Das Fahrrad ist ein zweirädriges und einspuriges Fahrzeug, das mit einer durch die Füsse bewegten Tretkurbel in Gang gehalten wird. Im späten 19. Jahrhundert entwickelte das Fahrrad seine heutige Form mit Drahtspeichen, Kettenantrieb und Luftreifen. Als erster Besitzer eines Fahrrads in Liechtenstein gilt der Arzt Rudolf Schädler (1845–1930) (um 1880). Das im Vergleich zum Automobil viel billigere Fahrrad entwickelte sich in der ersten Hälfte des 20. Jahrhunderts in Liechtenstein zum häufigsten Individualverkehrsmittel. Bis 1942 stieg die Zahl der Fahrräder auf 4885 und sank dann bis 1945 auf 4178, u.a. weil während des Zweiten Weltkriegs Fahrradschläuche und -mäntel für Reparaturarbeiten kaum erhältlich waren. 1950–60 stieg die Zahl der Fahrräder von 5607 auf 6500, ging dann mit der fortschreitenden Motorisierung bis 1970 auf 5478 zurück. Seit den 1970er Jahren stieg die Zahl der Fahrräder wieder kontinuierlich an, aktuelle Zahlen liegen jedoch keine vor.

Eine gesetzliche Regelung des Fahrradverkehrs erfolgte 1924. Die Verordnung zum Gesetz betreffend Verkehr mit Fahrzeugen sah u.a. amtliche, nummerierte Schilder für jedes Fahrrad sowie die Pflicht, eine Klingel und nachts ein Licht am Fahrrad mitzuführen, vor. Das Strassenverkehrsgesetz von 1978 verbot Kindern im Vorschulalter das Fahrradfahren. Vorgeschrieben wurde u.a. das Benutzen von Radwegen und -streifen. Das amtliche Schild war jährlich bei den Gemeinden neu zu beziehen. 1987 wurde dieses Jahrgangsschild durch ein kostenloses Dauerschild (seit 1991 ein Kleber) ersetzt.
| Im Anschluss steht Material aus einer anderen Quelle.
(* Let $F\colon\mathbb{R}^n\to\mathbb{R}^n$ be a polynomial map, let $g_1,\dots,g_r,h_1,\dots,h_s$ be real polynomials on $\mathbb{R}^n$ with $\Omega:=\{x: g_i(x)\le0\ \forall i,\ h_j(x)=0\ \forall j\}$ nonempty, fix $\rho>0$, let $\phi(x,y):=\langle F(x),x-y\rangle-\frac{\rho}{2}\|x-y\|^2$, $\psi(x):=\sup_{y\in\Omega}\phi(x,y)$, and $\Omega(x):=\{y\in\Omega:\psi(x)=\phi(x,y)\}$. Assume (MFCQ) holds on $\Omega$. Then for all $x\in\mathbb{R}^n$, $$\partial^\circ\psi(x)\subset\mathrm{co}\Big(\bigcup_{y\in\Omega(x)}\{v\in\mathbb{R}^n: (v,0)\in\nabla\phi(x,y)-\{0\}\times N(\Omega,y)\}\Big).$$
   Context: $\psi$ is locally Lipschitz; $\partial^\circ\psi(x)$ is its Clarke subdifferential $\mathrm{co}\{\lim_k\nabla\psi(x^k):x^k\to x,\ \psi\text{ differentiable at }x^k\}$; $\mathrm{co}$ denotes convex hull. $\nabla\phi(x,y)$ is the full gradient in $\mathbb{R}^n\times\mathbb{R}^n$. For $y\in\Omega$, $N(\Omega,y):=\{\sum_{i=1}^r\mu_i\nabla g_i(y)+\sum_{j=1}^s\kappa_j\nabla h_j(y): \mu_i,\kappa_j\in\mathbb{R},\ \mu_i\ge0,\ \mu_i g_i(y)=0\}$. (MFCQ) holds on $\Omega$ means: for every $x\in\Omega$, the vectors $\nabla h_j(x)$ are linearly independent and there exists $v$ with $\langle\nabla g_i(x),v\rangle<0$ for all $i$ with $g_i(x)=0$ and $\langle\nabla h_j(x),v\rangle=0$ for all $j$. *)

theory Defs
  imports "HOL-Analysis.Analysis"
begin

inductive_set poly_fun :: "(real^'n \<Rightarrow> real) set" where
  pf_const: "(\<lambda>x. c) \<in> poly_fun"
| pf_coord: "(\<lambda>x. x $ i) \<in> poly_fun"
| pf_add: "p \<in> poly_fun \<Longrightarrow> q \<in> poly_fun \<Longrightarrow> (\<lambda>x. p x + q x) \<in> poly_fun"
| pf_mult: "p \<in> poly_fun \<Longrightarrow> q \<in> poly_fun \<Longrightarrow> (\<lambda>x. p x * q x) \<in> poly_fun"

definition poly_map :: "(real^'n \<Rightarrow> real^'n) \<Rightarrow> bool" where
  "poly_map F \<longleftrightarrow> (\<forall>i. (\<lambda>x. F x $ i) \<in> poly_fun)"

definition grad :: "('a::real_inner \<Rightarrow> real) \<Rightarrow> 'a \<Rightarrow> 'a" where
  "grad f x = (THE D. GDERIV f x :> D)"

definition clarke_subdiff :: "('a::euclidean_space \<Rightarrow> real) \<Rightarrow> 'a \<Rightarrow> 'a set" where
  "clarke_subdiff f x = convex hull
     {v. \<exists>xs gs. xs \<longlonglongrightarrow> x \<and> (\<forall>k. GDERIV f (xs k) :> gs k) \<and> gs \<longlonglongrightarrow> v}"

definition feas :: "(nat \<Rightarrow> 'a \<Rightarrow> real) \<Rightarrow> nat \<Rightarrow> (nat \<Rightarrow> 'a \<Rightarrow> real) \<Rightarrow> nat \<Rightarrow> 'a set" where
  "feas g r h s = {x. (\<forall>i<r. g i x \<le> 0) \<and> (\<forall>j<s. h j x = 0)}"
Damit war das Fahrrad zugleich versichert. Gemeinde und Land übernahmen als Massnahme zur Förderung des umweltfreundlichen Fahrradfahrens je die Hälfte der Versicherungskosten. 2002–10 subventionierte die Regierung Fahrräder mit einem Elektroantrieb und 2008 schaffte sie Dienstfahrräder für die Landesverwaltung an.

Erste Radfahrerclubs entstanden in Gamprin (1898) und Triesen (1902) und bis 1919 in allen liechtensteinischen Gemeinden ausser Planken und Triesenberg. Sie hatten den Zweck, ihren Mitgliedern durch die Abgabe von Grenzübertrittausweisen (Triptik-Karten) den Grenzverkehr zu erleichtern. 1923 schlossen sie sich zum Liechtensteiner Radfahrerbund zusammen. Dieser führte 1926 das erste Radrennen in Liechtenstein durch. 1927 entstand in Schaan der erste Verein mit radsportlicher Ausrichtung (→ Sport). Nach der Aufhebung der Radtriptiks durch Österreich 1958 wurde der Liechtensteiner Radfahrerverband nicht mehr benötigt und er stellte in der Folge seine Tätigkeit ein. Der 1950 gegründete Liechtensteiner Radfahrerverband bestand 2007 aus vier Vereinen mit insgesamt 210 Mitgliedern (→ Sport). Der 1953 entstandene Veloclub Unterland (seit 1958 Veloclub Ruggell) organisierte über Jahre die Internationale Schellenberg-Rundfahrt. Seit 1946 gastierte in Liechtenstein mehrmals die Tour de Suisse, das wichtigste schweizerische Fahrradrennen. Einige liechtensteinische Radrennfahrer errangen internationale Erfolge, so Alfred Marxer, Adolf Heeb und Roman Hermann.

Quellen

Liechtenstein 1938–1978, 1978, 113, 134; Liechtenstein 1978–1988, 1988, 299.

Literatur

M. Frommelt et al.: Radsport in Liechtenstein, 1984; M. Frommelt: 100 Jahre Radsport in Liechtenstein, 60 Jahre RV Schaan, 1987; Vogt: Brücken, 1990, 200; Vogt: Balzers 3, 1998, 349, 352–354, 373.